text \<open>For
  \<open>x < 0\<close> the Mills bound at \<open>-x\<close> gives \<open>Q(-x) x \<ge> -\<phi>(x)\<close>.\<close>

lemma std_normal_density_Qfun_key_ineq: "0 < 2 * std_normal_density x + Qfun (- x) * x"
proof (cases "0 \<le> x")
  case True
  then show ?thesis
    using std_normal_density_pos[of x] mult_nonneg_nonneg[OF Qfun_nonneg[of "- x"] True] by linarith
next
  case False
  then have "0 < - x" by simp
  have "Qfun (- x) * (- x) \<le> std_normal_density x"
    using Qfun_mills_bound[OF \<open>0 < - x\<close>] \<open>0 < - x\<close>
    by (simp add: field_simps std_normal_density_even)
  then show ?thesis
    using std_normal_density_pos[of x] by simp
qed

section \<open>Derivatives of \<open>\<eta>\<^sub>g\<close>\<close>

text \<open>Closed forms of \<open>\<eta>\<^sub>g'\<close> and \<open>\<eta>\<^sub>g''\<close>, obtained from \<open>(Q\<^sup>-\<^sup>1)' = -1/\<phi>(Q\<^sup>-\<^sup>1)\<close> and
  \<open>\<phi>'(x) = -x \<phi>(x)\<close>.\<close>

definition eta_g_deriv :: "real \<Rightarrow> real \<Rightarrow> real \<Rightarrow> real" where
  "eta_g_deriv \<mu> \<kappa> e = \<mu> * (\<kappa> * (1 - e) / std_normal_density (Qinv e) - 1 + \<kappa> * Qinv e)"

definition eta_g_deriv2 :: "real \<Rightarrow> real \<Rightarrow> real \<Rightarrow> real" where
  "eta_g_deriv2 \<mu> \<kappa> e = - \<mu> * \<kappa> * (2 * std_normal_density (Qinv e) + (1 - e) * Qinv e)
                            / (std_normal_density (Qinv e))\<^sup>2"

lemma eta_g_has_deriv:
  assumes "e \<in> {0<..<1}"
  shows "(eta_g \<mu> \<kappa> has_real_derivative eta_g_deriv \<mu> \<kappa> e) (at e)"
proof -
  have "eta_g \<mu> \<kappa> = (\<lambda>e. \<mu> * (1 - \<kappa> * Qinv e) * (1 - e))"
    by (rule ext) (simp add: eta_g_def)
  then show ?thesis
    using Qinv_deriv[of e] assms std_normal_density_pos[of "Qinv e"]
    by (auto intro!: derivative_eq_intros simp: eta_g_deriv_def field_simps)
qed

lemma eta_g_deriv_has_deriv:
  assumes "e \<in> {0<..<1}"
  shows "(eta_g_deriv \<mu> \<kappa> has_real_derivative eta_g_deriv2 \<mu> \<kappa> e) (at e)"
proof -
  let ?p = "\<lambda>e. std_normal_density (Qinv e)"
  have Qinv': "(Qinv has_real_derivative - 1 / ?p e) (at e)"
    using assms Qinv_deriv by auto
  have p': "(?p has_real_derivative Qinv e) (at e)"
    using DERIV_chain2[OF std_normal_density_deriv Qinv'] std_normal_density_pos[of "Qinv e"]
    by simp
  have "eta_g_deriv \<mu> \<kappa> = (\<lambda>e. \<mu> * (\<kappa> * (1 - e) / ?p e - 1 + \<kappa> * Qinv e))"
    by (rule ext) (simp add: eta_g_deriv_def)
  then show ?thesis
    using std_normal_density_pos[of "Qinv e"]
    by (auto intro!: derivative_eq_intros Qinv' p'
        simp: eta_g_deriv2_def field_simps power2_eq_square)
qed

text \<open>The second derivative is negative: with \<open>x = Q\<^sup>-\<^sup>1(e)\<close> we have \<open>1 - e = Q(-x)\<close>.\<close>

lemma eta_g_deriv2_neg:
  assumes "\<mu> > 0" "\<kappa> > 0" "e \<in> {0<..<1}"
  shows "eta_g_deriv2 \<mu> \<kappa> e < 0"
proof -
  define x where "x = Qinv e"
  have "1 - e = Qfun (- x)"
    using Qfun_symmetric[of x] Qfun_Qinv assms(3) by (auto simp: x_def)
  then have "0 < 2 * std_normal_density x + (1 - e) * x"
    using std_normal_density_Qfun_key_ineq by simp
  then have "0 < \<mu> * \<kappa> * (2 * std_normal_density x + (1 - e) * x) / (std_normal_density x)\<^sup>2"
    using assms std_normal_density_pos[of x] by simp
  then show ?thesis
    unfolding eta_g_deriv2_def x_def by simp
qed

theorem mainTheorem2:
  fixes \<mu> \<kappa> :: real
  assumes "\<mu> > 0" and "\<kappa> > 0"
  shows "strictly_concave_on {0<..<1} (eta_g \<mu> \<kappa>)
    \<and> (\<exists>d1 d2. (\<forall>e\<in>{0<..<1}. (eta_g \<mu> \<kappa> has_real_derivative d1 e) (at e))
             \<and> (\<forall>e\<in>{0<..<1}. (d1 has_real_derivative d2 e) (at e) \<and> d2 e < 0))"
proof -
  have deriv: "\<And>e. e \<in> {0<..<1} \<Longrightarrow> (eta_g \<mu> \<kappa> has_real_derivative eta_g_deriv \<mu> \<kappa> e) (at e)"
    by (rule eta_g_has_deriv)
  have deriv2: "\<And>e. e \<in> {0<..<1} \<Longrightarrow> (eta_g_deriv \<mu> \<kappa> has_real_derivative eta_g_deriv2 \<mu> \<kappa> e) (at e)"
    by (rule eta_g_deriv_has_deriv)
  have neg: "\<And>e. e \<in> {0<..<1} \<Longrightarrow> eta_g_deriv2 \<mu> \<kappa> e < 0"
    using eta_g_deriv2_neg assms by blast
  have "strictly_concave_on {0<..<1} (eta_g \<mu> \<kappa>)"
    using strictly_concave_on_if_second_deriv_neg[OF convex_real_interval(8) deriv deriv2 neg] .
  then show ?thesis
    using deriv deriv2 neg by blast
qed

end
(* Fix $p\in(0,1)$ and $\varepsilon\in(0,1)$. Consider oracular search among $N$ items (marked element uniformly random) by algorithms of the following ("exclusion round") class, which may depend on $p$. The algorithm proceeds in rounds $g=0,1,\ldots,r$; before round $g$, $g$ previously tested items have been excluded, and round $g$ operates on a quantum register $\mathbb{C}^{N-g}\otimes\mathbb{C}^M$ (the first factor spanned by the non-excluded items) subject to partial depolarizing noise $D_p(\varrho)=p\frac{I_d}{d}\mathrm{Tr}(\varrho)+(1-p)\varrho$ ($d$ the register dimension): it prepares $\varrho^x=T_{k_g}'\widehat{O}_xT_{k_g}D_p\cdots D_pT_1'\widehat{O}_xT_1D_p(\varrho_0)$ using $k_g$ oracle calls $\widehat{O}_x(|y\rangle\langle y'|\otimes\sigma)=(-1)^{\delta_{xy}+\delta_{xy'}}|y\rangle\langle y'|\otimes\sigma$ (arbitrary initial state and $x$-independent channels), measures a POVM to obtain a guess among the non-excluded items, verifies it with one further noiseless oracle query (storing it if correct), and otherwise excludes it. It is assumed that failure probabilities are multiplicative: the overall failure probability equals $\prod_{g=0}^r(1-p_s^{(g)})$, where $p_s^{(g)}$ is round $g$'s success probability averaged over the marked element uniformly distributed among the $N-g$ non-excluded items. The number of queries is $q_N=\sum_{g=0}^r(k_g+1)$. For each $N$ let such an algorithm find the marked element except with failure probability at most $\varepsilon$, using $q_N$ queries. Then there is a sequence $C_N=C_N(\varepsilon,p)$ with $\lim_{N\to\infty}C_N=1$ such that $$q_N\ge\frac{N}{1+\frac{8C_N}{p\log(1/\varepsilon)}}.$$
   Context: $\log$ is the natural logarithm. Noise $D_p$ is applied once between consecutive oracle invocations as in the displayed formula; channels are completely positive trace-preserving maps. *)

theory Defs
  imports Complex_Main "Jordan_Normal_Form.Matrix"
begin

type_synonym cmat = "complex mat"

definition mtr :: "cmat \<Rightarrow> complex" where
  "mtr A = (\<Sum>i<dim_row A. A $$ (i, i))"

definition madj :: "cmat \<Rightarrow> cmat" where
  "madj A = mat (dim_col A) (dim_row A) (\<lambda>(i, j). cnj (A $$ (j, i)))"

definition msum :: "nat \<Rightarrow> nat \<Rightarrow> (nat \<Rightarrow> cmat) \<Rightarrow> cmat" where
  "msum d n F = mat d d (\<lambda>(i, j). \<Sum>y<n. F y $$ (i, j))"
(* Let $d\ge1$, $t\ge1$ be integers and let $\mu_t$ be a finite Borel measure on $\mathbb S^d$ satisfying the lower Marcinkiewicz–Zygmund inequality of order $t$ with constant $a>0$, i.e. $a\|f\|_{L^2(\mathbb S^d)}^2\le\int_{\mathbb S^d}|f|^2\,d\mu_t$ for all $f\in\Pi_t$. Let $r\in(0,\pi/2]$ and $x\in\mathbb S^d$. If $\operatorname{supp}\mu_t\subseteq B_r(x)$, then \[ (\sin r)^{2t}\ge \frac{a}{\mu_t(\mathbb S^d)}\,\Lambda_{d,t},\qquad\text{where }\Lambda_{d,t}:=\int_{\mathbb S^d}(x\cdot y)^{2t}\,dy . \]
   Context: $\mathbb S^d\subset\mathbb R^{d+1}$ is the unit sphere with normalized surface measure $dy$ (total mass $1$); $\Lambda_{d,t}$ does not depend on $x\in\mathbb S^d$. $B_r(x)=\{y\in\mathbb S^d:x\cdot y\ge\cos r\}$. $\Pi_t$ is the space of restrictions to $\mathbb S^d$ of polynomials in $d+1$ variables of degree at most $t$. *)

theory Defs
  imports "HOL-Analysis.Analysis"
begin

text \<open>Ambient space R^(d+1) is real^'n with CARD('n) = d+1.\<close>

text \<open>Normalized surface measure on the unit sphere: the radial projection of the
  normalized Lebesgue measure on the unit ball (this is the rotation-invariant
  probability measure on the sphere, i.e. normalized surface measure).\<close>
definition sphere_measure :: "(real^'n) measure" where
  "sphere_measure = distr (uniform_measure lborel (ball 0 1)) borel (\<lambda>x. x /\<^sub>R norm x)"

definition cap :: "real^'n \<Rightarrow> real \<Rightarrow> (real^'n) set" where
  "cap x r = {y \<in> sphere 0 1. x \<bullet> y \<ge> cos r}"

definition poly_deg_le :: "nat \<Rightarrow> (real^'n \<Rightarrow> real) \<Rightarrow> bool" where
  "poly_deg_le t f \<longleftrightarrow> (\<exists>c :: ('n \<Rightarrow> nat) \<Rightarrow> real.
      \<forall>x. f x = (\<Sum>\<alpha>\<in>{\<alpha>. (\<Sum>i\<in>UNIV. \<alpha> i) \<le> t}. c \<alpha> * (\<Prod>i\<in>UNIV. (x$i) ^ \<alpha> i)))"

definition measure_support :: "'a::topological_space measure \<Rightarrow> 'a set" where
  "measure_support M = {y. \<forall>U. open U \<longrightarrow> y \<in> U \<longrightarrow> emeasure M U > 0}"

end

theory Submission
  imports Defs
begin

text \<open>Pick a unit vector \<open>z\<close> orthogonal to \<open>x\<close>. On the cap \<open>B\<^sub>r(x)\<close> we have
  \<open>(z \<bullet> y)\<^sup>2 \<le> 1 - (x \<bullet> y)\<^sup>2 \<le> sin\<^sup>2 r\<close>, and \<open>\<mu>\<close> lives on that cap, so
  \<open>\<integral> (z \<bullet> y)\<^sup>2\<^sup>t d\<mu> \<le> \<mu>(S\<^sup>d) sin\<^sup>2\<^sup>t r\<close>. Applying the Marcinkiewicz--Zygmund inequality to the
  polynomial \<open>(z \<bullet> y)\<^sup>t\<close> of degree \<open>t\<close> bounds this integral from below by \<open>a \<integral> (z \<bullet> y)\<^sup>2\<^sup>t dy\<close>,
  which equals \<open>a \<Lambda>\<^sub>d\<^sub>,\<^sub>t\<close> because the surface measure is invariant under the rotation taking
  \<open>x\<close> to \<open>z\<close>.\<close>

section \<open>Invariance of Lebesgue measure under orthogonal maps\<close>

lemma linear_borel_measurable:
  fixes f :: "'a::euclidean_space \<Rightarrow> 'b::euclidean_space"
  assumes "linear f"
  shows "f \<in> borel_measurable borel"
  using assms by (intro borel_measurable_continuous_onI linear_continuous_on) (simp add: linear_conv_bounded_linear)

lemma borel_measurable_orthogonal_transformation:
  fixes f :: "'a::euclidean_space \<Rightarrow> 'a"
  shows "orthogonal_transformation f \<Longrightarrow> f \<in> borel_measurable borel"
  by (simp add: linear_borel_measurable orthogonal_transformation_linear)

text \<open>The library proves \<open>measure_orthogonal_image\<close> only for index types carrying a
  well-order. An isomorphic copy of the index type, ordered via \<open>to_nat\<close>, transfers it to
  \<open>real^'n\<close> for every finite \<open>'n\<close>.\<close>

typedef 'a ordered_copy = "UNIV :: 'a set" by simp

lemma Rep_Abs_ordered_copy [simp]: "Rep_ordered_copy (Abs_ordered_copy i) = i"
  by (simp add: Abs_ordered_copy_inverse)

instantiation ordered_copy :: (countable) wellorder
begin
definition less_eq_ordered_copy :: "'a ordered_copy \<Rightarrow> 'a ordered_copy \<Rightarrow> bool" where
  "a \<le> b \<longleftrightarrow> to_nat (Rep_ordered_copy a) \<le> to_nat (Rep_ordered_copy b)"
definition less_ordered_copy :: "'a ordered_copy \<Rightarrow> 'a ordered_copy \<Rightarrow> bool" where
  "a < b \<longleftrightarrow> to_nat (Rep_ordered_copy a) < to_nat (Rep_ordered_copy b)"
instance
proof
  fix P and a :: "'a ordered_copy"
  show "(\<And>x. (\<And>y. y < x \<Longrightarrow> P y) \<Longrightarrow> P x) \<Longrightarrow> P a"
    by (rule measure_induct_rule[of "\<lambda>a. to_nat (Rep_ordered_copy a)"]) (auto simp: less_ordered_copy_def)
qed (auto simp: less_eq_ordered_copy_def less_ordered_copy_def Rep_ordered_copy_inject)
end

instance ordered_copy :: (finite) finite
  by standard (metis finite_imageI finite type_definition.Abs_image type_definition_ordered_copy)

definition to_copy :: "real^'n \<Rightarrow> real^'n ordered_copy" where
  "to_copy v = (\<chi> j. v $ Rep_ordered_copy j)"

definition from_copy :: "real^'n ordered_copy \<Rightarrow> real^'n" where
  "from_copy w = (\<chi> i. w $ Abs_ordered_copy i)"

lemma from_to_copy [simp]: "from_copy (to_copy v) = v"
  by (simp add: from_copy_def to_copy_def vec_eq_iff)

lemma to_from_copy [simp]: "to_copy (from_copy w) = w"
  by (simp add: from_copy_def to_copy_def Rep_ordered_copy_inverse vec_eq_iff)

lemma linear_to_copy: "linear to_copy"
  by (rule linearI) (auto simp: to_copy_def vec_eq_iff)

lemma linear_from_copy: "linear from_copy"
  by (rule linearI) (auto simp: from_copy_def vec_eq_iff)

lemma prod_UNIV_Rep_ordered_copy: "(\<Prod>j\<in>UNIV. f (Rep_ordered_copy j)) = (\<Prod>i\<in>UNIV. f i)"
  by (rule prod.reindex_bij_witness[where j=Rep_ordered_copy and i=Abs_ordered_copy])
     (auto simp: Rep_ordered_copy_inverse)

lemma inner_to_copy: "to_copy v \<bullet> to_copy w = v \<bullet> w"
  unfolding inner_vec_def to_copy_def
  by (rule sum.reindex_bij_witness[where j=Rep_ordered_copy and i=Abs_ordered_copy])
     (auto simp: Rep_ordered_copy_inverse)

lemma prod_Basis_cart: "(\<Prod>b\<in>Basis. (v::real^'n) \<bullet> b) = (\<Prod>i\<in>UNIV. v $ i)"
  by (simp add: Basis_vec_def cart_eq_inner_axis axis_eq_axis prod.UNION_disjoint)

lemma vimage_to_copy_box: "to_copy -` box l u = box (from_copy l) (from_copy u)"
  by (auto simp: mem_box_cart to_copy_def from_copy_def)
     (metis Rep_Abs_ordered_copy Rep_ordered_copy_inverse)+

lemma distr_lborel_to_copy: "distr lborel borel (to_copy :: real^'n \<Rightarrow> _) = lborel"
proof (rule lborel_eqI[symmetric])
  fix l u :: "real^'n ordered_copy"
  assume "\<And>b. b \<in> Basis \<Longrightarrow> l \<bullet> b \<le> u \<bullet> b"
  then have "l $ j \<le> u $ j" for j
    by (simp add: cart_eq_inner_axis)
  then have "\<And>b. b \<in> Basis \<Longrightarrow> from_copy l \<bullet> b \<le> from_copy u \<bullet> b"
    by (auto simp: Basis_vec_def inner_axis from_copy_def)
  then have "emeasure (distr lborel borel to_copy) (box l u) = (\<Prod>i\<in>UNIV. (from_copy u - from_copy l) $ i)"
    using linear_borel_measurable[OF linear_to_copy]
    by (subst emeasure_distr) (auto simp: vimage_to_copy_box emeasure_lborel_box_eq prod_Basis_cart)
  also have "\<dots> = (\<Prod>b\<in>Basis. (u - l) \<bullet> b)"
    using prod_UNIV_Rep_ordered_copy[of "\<lambda>i. (u - l) $ Abs_ordered_copy i"]
    by (simp add: prod_Basis_cart from_copy_def Rep_ordered_copy_inverse)
  finally show "emeasure (distr lborel borel to_copy) (box l u) = (\<Prod>b\<in>Basis. (u - l) \<bullet> b)" .
qed simp

lemma distr_lborel_from_copy: "distr lborel borel (from_copy :: _ \<Rightarrow> real^'n) = lborel"
proof -
  have "distr lborel borel (from_copy :: _ \<Rightarrow> real^'n) =
        distr (distr lborel borel to_copy) borel from_copy"
    by (simp add: distr_lborel_to_copy)
  also have "\<dots> = distr lborel borel (from_copy \<circ> to_copy)"
    using linear_borel_measurable[OF linear_to_copy] linear_borel_measurable[OF linear_from_copy]
    by (intro distr_distr) auto
  also have "\<dots> = lborel"
    by (simp add: comp_def distr_id2)
  finally show ?thesis .
qed

lemma distr_lborel_orthogonal_transformation_wellorder:
  fixes Q :: "real^'n::{finite,wellorder} \<Rightarrow> real^'n::_"
  assumes Q: "orthogonal_transformation Q"
  shows "distr lborel borel Q = lborel"
proof (rule lborel_eqI[symmetric])
  fix l u :: "real^'n::_"
  assume "\<And>b. b \<in> Basis \<Longrightarrow> l \<bullet> b \<le> u \<bullet> b"
  then have box: "emeasure lborel (box l u) = (\<Prod>b\<in>Basis. (u - l) \<bullet> b)"
    by (simp add: emeasure_lborel_box_eq)
  have measurable_Q: "Q \<in> borel_measurable borel"
    using Q by (rule borel_measurable_orthogonal_transformation)
  have inv_Q: "orthogonal_transformation (inv Q)"
    using Q by (rule orthogonal_transformation_inv)
  have vimage: "Q -` box l u = inv Q ` box l u"
    using Q by (simp add: bij_vimage_eq_inv_image orthogonal_transformation_bij)
  have "bounded (Q -` box l u)"
    unfolding vimage using inv_Q
    by (intro bounded_linear_image bounded_box)
       (simp add: orthogonal_transformation_linear flip: linear_conv_bounded_linear)
  then have "emeasure lborel (Q -` box l u) = measure lborel (Q -` box l u)"
    using emeasure_bounded_finite by (intro emeasure_eq_ennreal_measure) fastforce
  also have "measure lborel (Q -` box l u) = measure lebesgue (inv Q ` box l u)"
    using measurable_Q by (simp add: vimage[symmetric] measurable_sets_borel)
  also have "\<dots> = measure lborel (box l u)"
    using inv_Q by (simp add: measure_orthogonal_image)
  also have "ennreal \<dots> = emeasure lborel (box l u)"
    using emeasure_lborel_box_finite[of l u]
    by (intro emeasure_eq_ennreal_measure[symmetric]) simp
  finally show "emeasure (distr lborel borel Q) (box l u) = (\<Prod>b\<in>Basis. (u - l) \<bullet> b)"
    using measurable_Q by (subst emeasure_distr) (auto simp: box)
qed simp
++++
Exercise: Scan the listing above for the line that has "well-order. An isomorphic", then copy exactly from that line through the line that has "by (simp add: Abs_ordered_copy_inverse)".

Answer to this exercise:
  well-order. An isomorphic copy of the index type, ordered via \<open>to_nat\<close>, transfers it to
  \<open>real^'n\<close> for every finite \<open>'n\<close>.\<close>

typedef 'a ordered_copy = "UNIV :: 'a set" by simp

lemma Rep_Abs_ordered_copy [simp]: "Rep_ordered_copy (Abs_ordered_copy i) = i"
  by (simp add: Abs_ordered_copy_inverse)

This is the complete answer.